Hi,
The number of iterations at 100 should be a priority. If you are not able to run them you
have a technical problem with your cluster and you should fix it first. Once you are able
to run 100 iterations then you should start playing around with the number of topics. Start
with 5 topics, run 10 replicates, save the results (AUROC), change to 10 topics, do the same,
then go to 20, 50, 100, etc. Once you have the results, plot them (x axis number of topics,
y axis the AUROC) and you will be able to see the pattern or trend as well as the variation
and central tendency for each of the replicates. Visually, it should be clear which number
of topics works best. Finally, just to make this statistically sound run a pairwise comparison
(Tukey’s test for example) where the number of topics is your main factor. This statistical
analysis is just to prove significance of results. For example, if you visually see that 10
topics is better than 5 but the test says there are no statistical differences then there
is no point in running at 10 topics because is more computational expensive, you might as
well just run it at numTopic = 5.
Other questions to consider:
How large is your dataset?
How many attacks are you injecting?
How are you generating the attacks?
How are you computing the AUROC?
An AUROC of 0.52 basically tells you that you are finding nothing but randomness.
Best,
Gustavo
From: Christos Minas Mathas <mathas.ch.m@gmail.com>
ReplyTo: "user@spot.incubator.apache.org" <user@spot.incubator.apache.org>
Date: Tuesday, January 23, 2018 at 10:36 AM
To: "user@spot.incubator.apache.org" <user@spot.incubator.apache.org>
Subject: Spotml parameters configuration
Hi,
I've been evaluating the Netflow component of Spot for quite some time now by using different
kinds of attacks and collect the results. I'm using the default configuration, I haven't changed
any of the parameters and the results I'm getting are not good. I was reading in the users
mailing list some responses from Gustavo Lujan Moreno back in June 2017 in which he said about
the results they're getting:
"On proxy we are getting > 0.90 on AUC and on net flow >0.99."
http://mailarchives.apache.org/mod_mbox/spotuser/201706.mbox/%3C1DD58ED7BEE547E68886537EE480E3E1%40intel.com%3E
My results in terms of AUROC are more like ~0.52 or worse.
He also gave some tips about configuring the parameters of spotml. So I thought I'd try them.

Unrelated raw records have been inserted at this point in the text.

text \<open>Chebyshev's inequality for the square function \<open>\<Sum>\<^sub>n g\<^sub>n\<^sup>2\<close>.\<close>
lemma weight_square_sum_gt_1_le:
  fixes g :: "nat \<Rightarrow> 'a \<Rightarrow> real"
  assumes bound: "\<And>n. (l2_norm \<pi> (g n))\<^sup>2 \<le> b n" and "summable b"
  shows "(\<Sum>z | 1 < (\<Sum>n. (g n z)\<^sup>2). \<pi> z) \<le> (\<Sum>n. b n)"
proof -
  note summable = summable_power2_if_l2_norm_le[OF bound \<open>summable b\<close>]
  have "(\<Sum>z | 1 < (\<Sum>n. (g n z)\<^sup>2). \<pi> z) \<le> (\<Sum>z | 1 < (\<Sum>n. (g n z)\<^sup>2). \<pi> z * (\<Sum>n. (g n z)\<^sup>2))"
    using weight_nonneg by (intro sum_mono) (simp add: mult_le_cancel_left1 not_less)
  also have "\<dots> \<le> (\<Sum>z\<in>UNIV. \<pi> z * (\<Sum>n. (g n z)\<^sup>2))"
    using weight_nonneg summable
    by (intro sum_mono2) (auto intro!: mult_nonneg_nonneg suminf_nonneg)
  also have "\<dots> = (\<Sum>n. \<Sum>z\<in>UNIV. \<pi> z * (g n z)\<^sup>2)"
    using summable by (simp add: suminf_mult[symmetric] suminf_sum summable_mult)
  also have "\<dots> = (\<Sum>n. (l2_norm \<pi> (g n))\<^sup>2)"
    unfolding l2_norm_power2[OF weight_nonneg] l2_inner_def
    by (simp add: power2_eq_square mult.assoc)
  also have "\<dots> \<le> (\<Sum>n. b n)"
  proof (rule suminf_le[OF bound _ \<open>summable b\<close>])
    show "summable (\<lambda>n. (l2_norm \<pi> (g n))\<^sup>2)"
      by (rule summable_comparison_test[OF _ \<open>summable b\<close>]) (simp add: bound)
  qed
  finally show ?thesis .
qed

end

locale hitting_estimate = hitting_chain P \<pi> A
  for P :: "'a::finite \<Rightarrow> 'a \<Rightarrow> real" and \<pi> A +
  fixes t :: real
  assumes t_nonneg: "t \<ge> 0"
begin

definition horizon :: real where
  "horizon = (t + \<bar>ln eps\<bar>) * t_rel P"

definition period :: real where
  "period = t_rel P * ln 2 + 2 / eps * t_rel P * ln 2"

text \<open>\<open>horizon\<close> and \<open>period\<close> are \<open>r\<close> and \<open>\<ell> + s\<close> of the statement; \<open>deviation k\<close> is the error
  in \<open>cont_survival (horizon + k * period) \<le> mean \<pi> (cont_survival (k * period)) + deviation k\<close>.\<close>
definition deviation :: "nat \<Rightarrow> 'a \<Rightarrow> real" where
  "deviation k = heat P horizon (\<lambda>x. cont_survival (real k * period) x -
     mean \<pi> (cont_survival (real k * period)))"

definition good :: "'a set" where
  "good = {z. (\<Sum>n. (2 ^ Suc n * deviation (Suc n) z)\<^sup>2) \<le> 1}"

lemma t_rel_eq: "t_rel P = 1 / gap"
  by (simp add: t_rel_def gap_def)

lemma horizon_nonneg: "horizon \<ge> 0"
  using t_nonneg gap_pos by (simp add: horizon_def t_rel_eq)

lemma period_pos: "period > 0"
  using gap_pos eps_pos by (simp add: period_def t_rel_eq add_pos_pos)

lemma exp_horizon_le: "exp (- horizon * gap) \<le> exp (- t)"
  using gap_pos by (simp add: horizon_def t_rel_eq)

lemma period_decay: "exp (- (real k * period) * gap * eps) \<le> (1/4) ^ k"
proof -
  have "exp (2 * ln (2 :: real)) = exp (ln 2) ^ 2"
    by (subst exp_of_nat_mult[symmetric]) simp
  then have quarter: "exp (- (2 * ln 2)) = (1/4 :: real)"
    by (simp add: exp_minus)
  have "period * gap * eps = eps * ln 2 + 2 * ln 2"
    using gap_pos eps_pos by (simp add: period_def t_rel_eq field_simps)
  then have "real k * (2 * ln 2) \<le> real k * period * gap * eps"
    using eps_pos by (simp add: mult.assoc mult_left_mono)
  then have "exp (- (real k * period) * gap * eps) \<le> exp (real k * - (2 * ln 2))"
    by simp
  also have "\<dots> = (1/4) ^ k"
    by (simp only: exp_of_nat_mult quarter)
  finally show ?thesis .
qed

lemma l2_norm_deviation_le: "l2_norm \<pi> (deviation k) \<le> exp (- t) * (1/4) ^ k"
proof -
  define v where "v = real k * period"
  have "v \<ge> 0"
    using period_pos by (simp add: v_def)
  have "l2_norm \<pi> (deviation k) \<le>
      exp (- horizon * gap) * l2_norm \<pi> (\<lambda>x. cont_survival v x - mean \<pi> (cont_survival v))"
    unfolding deviation_def v_def[symmetric]
    by (intro l2_norm_heat_mean_zero_le mean_centred horizon_nonneg)
  also have "\<dots> \<le> exp (- t) * exp (- v * gap * eps)"
    using exp_horizon_le order_trans[OF l2_norm_centred_le l2_norm_cont_survival_le[OF \<open>v \<ge> 0\<close>]]
    by (intro mult_mono) (simp_all add: l2_norm_nonneg)
  also have "\<dots> \<le> exp (- t) * (1/4) ^ k"
    using period_decay by (simp add: v_def)
  finally show ?thesis .
qed

lemma cont_survival_horizon_le:
  "cont_survival (horizon + real k * period) z \<le> (1/4) ^ k + deviation k z"
proof -
  define v where "v = real k * period"
  have "v \<ge> 0"
    using period_pos by (simp add: v_def)
  have "cont_survival (horizon + v) z \<le> heat P horizon (cont_survival v) z"
    using horizon_nonneg \<open>v \<ge> 0\<close> by (rule cont_survival_add_le)
  also have "\<dots> = deviation k z + mean \<pi> (cont_survival v)"
    using heat_add_const[OF stochastic horizon_nonneg,
        of "\<lambda>x. cont_survival v x - mean \<pi> (cont_survival v)" "mean \<pi> (cont_survival v)"]
    by (simp add: deviation_def v_def)
  also have "mean \<pi> (cont_survival v) \<le> (1/4) ^ k"
    using order_trans[OF mean_le_l2_norm
        order_trans[OF l2_norm_cont_survival_le[OF \<open>v \<ge> 0\<close>] period_decay[of k, folded v_def]]] .
  finally show ?thesis
    by (simp add: v_def add.commute)
qed

lemma l2_norm_scaled_deviation_le:
  "(l2_norm \<pi> (\<lambda>z. 2 ^ Suc n * deviation (Suc n) z))\<^sup>2 \<le> exp (- 2 * t) * (1/4) ^ Suc n"
proof -
  have "(l2_norm \<pi> (\<lambda>z. 2 ^ Suc n * deviation (Suc n) z))\<^sup>2 =
      4 ^ Suc n * (l2_norm \<pi> (deviation (Suc n)))\<^sup>2"
    unfolding l2_norm_power2[OF weight_nonneg] l2_inner_scale_left l2_inner_scale_right
    by (simp add: power_mult_distrib[symmetric])
  also have "\<dots> \<le> 4 ^ Suc n * (exp (- t) * (1/4) ^ Suc n)\<^sup>2"
    by (intro mult_left_mono power_mono l2_norm_deviation_le l2_norm_nonneg) simp_all
  also have "\<dots> = exp (- 2 * t) * (1/4) ^ Suc n"
    by (simp add: power_mult_distrib power2_eq_square mult_exp_exp power_divide)
  finally show ?thesis .
qed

". . ."ldamaxiterations 20” is the iteration parameter. You should change that 20 for
something higher, at least 100, ideally +200.
. . .
If you are not getting good results the number of iterations and topics should be your priority."

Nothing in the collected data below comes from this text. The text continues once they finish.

lemma locally_orthogonal_coordinatewise:
  fixes y s u w :: "real^'n::finite"
  assumes "\<And>i. locally_orthogonal (P i) (u $ i, w $ i) (y $ i, s $ i)"
  shows "locally_orthogonal {(y, s). \<forall>i. (y $ i, s $ i) \<in> P i} (u, w) (y, s)"
proof -
  have "\<forall>i. \<exists>r>0. \<forall>z\<in>P i. dist z (y $ i, s $ i) < r \<longrightarrow> (u $ i, w $ i) \<bullet> (z - (y $ i, s $ i)) = 0"
    using assms unfolding locally_orthogonal_def by blast
  then obtain r where r: "\<And>i. r i > 0"
    and flat: "\<And>i z. z \<in> P i \<Longrightarrow> dist z (y $ i, s $ i) < r i \<Longrightarrow> (u $ i, w $ i) \<bullet> (z - (y $ i, s $ i)) = 0"
    by metis
  define \<rho> where "\<rho> = Min (range r)"
  have "\<rho> > 0"
    using r by (simp add: \<rho>_def)
  have "(u, w) \<bullet> ((y', s') - (y, s)) = 0"
    if "\<forall>i. (y' $ i, s' $ i) \<in> P i" "dist (y', s') (y, s) < \<rho>" for y' s'
  proof -
    have "(u $ i, w $ i) \<bullet> ((y' $ i, s' $ i) - (y $ i, s $ i)) = 0" for i
    proof (rule flat)
      have "\<rho> \<le> r i"
        unfolding \<rho>_def by (rule Min_le) auto
      then show "dist (y' $ i, s' $ i) (y $ i, s $ i) < r i"
        using dist_Pair_vec_nth_le[of y' i s' y s] that(2) by linarith
    qed (use that in simp)
    then show ?thesis
      by (simp add: inner_vec_def sum.distrib[symmetric] algebra_simps)
  qed
  then show ?thesis
    using assms \<open>\<rho> > 0\<close> unfolding locally_orthogonal_def by fast
qed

http://mailarchives.apache.org/mod_mbox/spotuser/201706.mbox/%3C4F588C3DB453466FBBCBF7F1ABE7CC8D%40intel.com%3E
1. I changed ldamaxiterations to 200 but after running for ~60000 stages and 2 and a half
hours there wasn't enough RAM in one of the associated VMs and ml_ops exited with a StackOverflowException.
So I assigned 32GB of RAM to each one of the three VMs associated and this time it stopped
at ~20000 stages again with a StackOverflow from another one of the associated VMs. How much
RAM would I need for 200 iterations and for which services?
2. Can someone explain how can I properly configure the parameters of spotml? Like for the
topic count for example, how can I calculate an approximate value of topics based on the traffic
and the network setup?
If you need further information on my setup or the results I'm getting just let me know.
Thanks in advance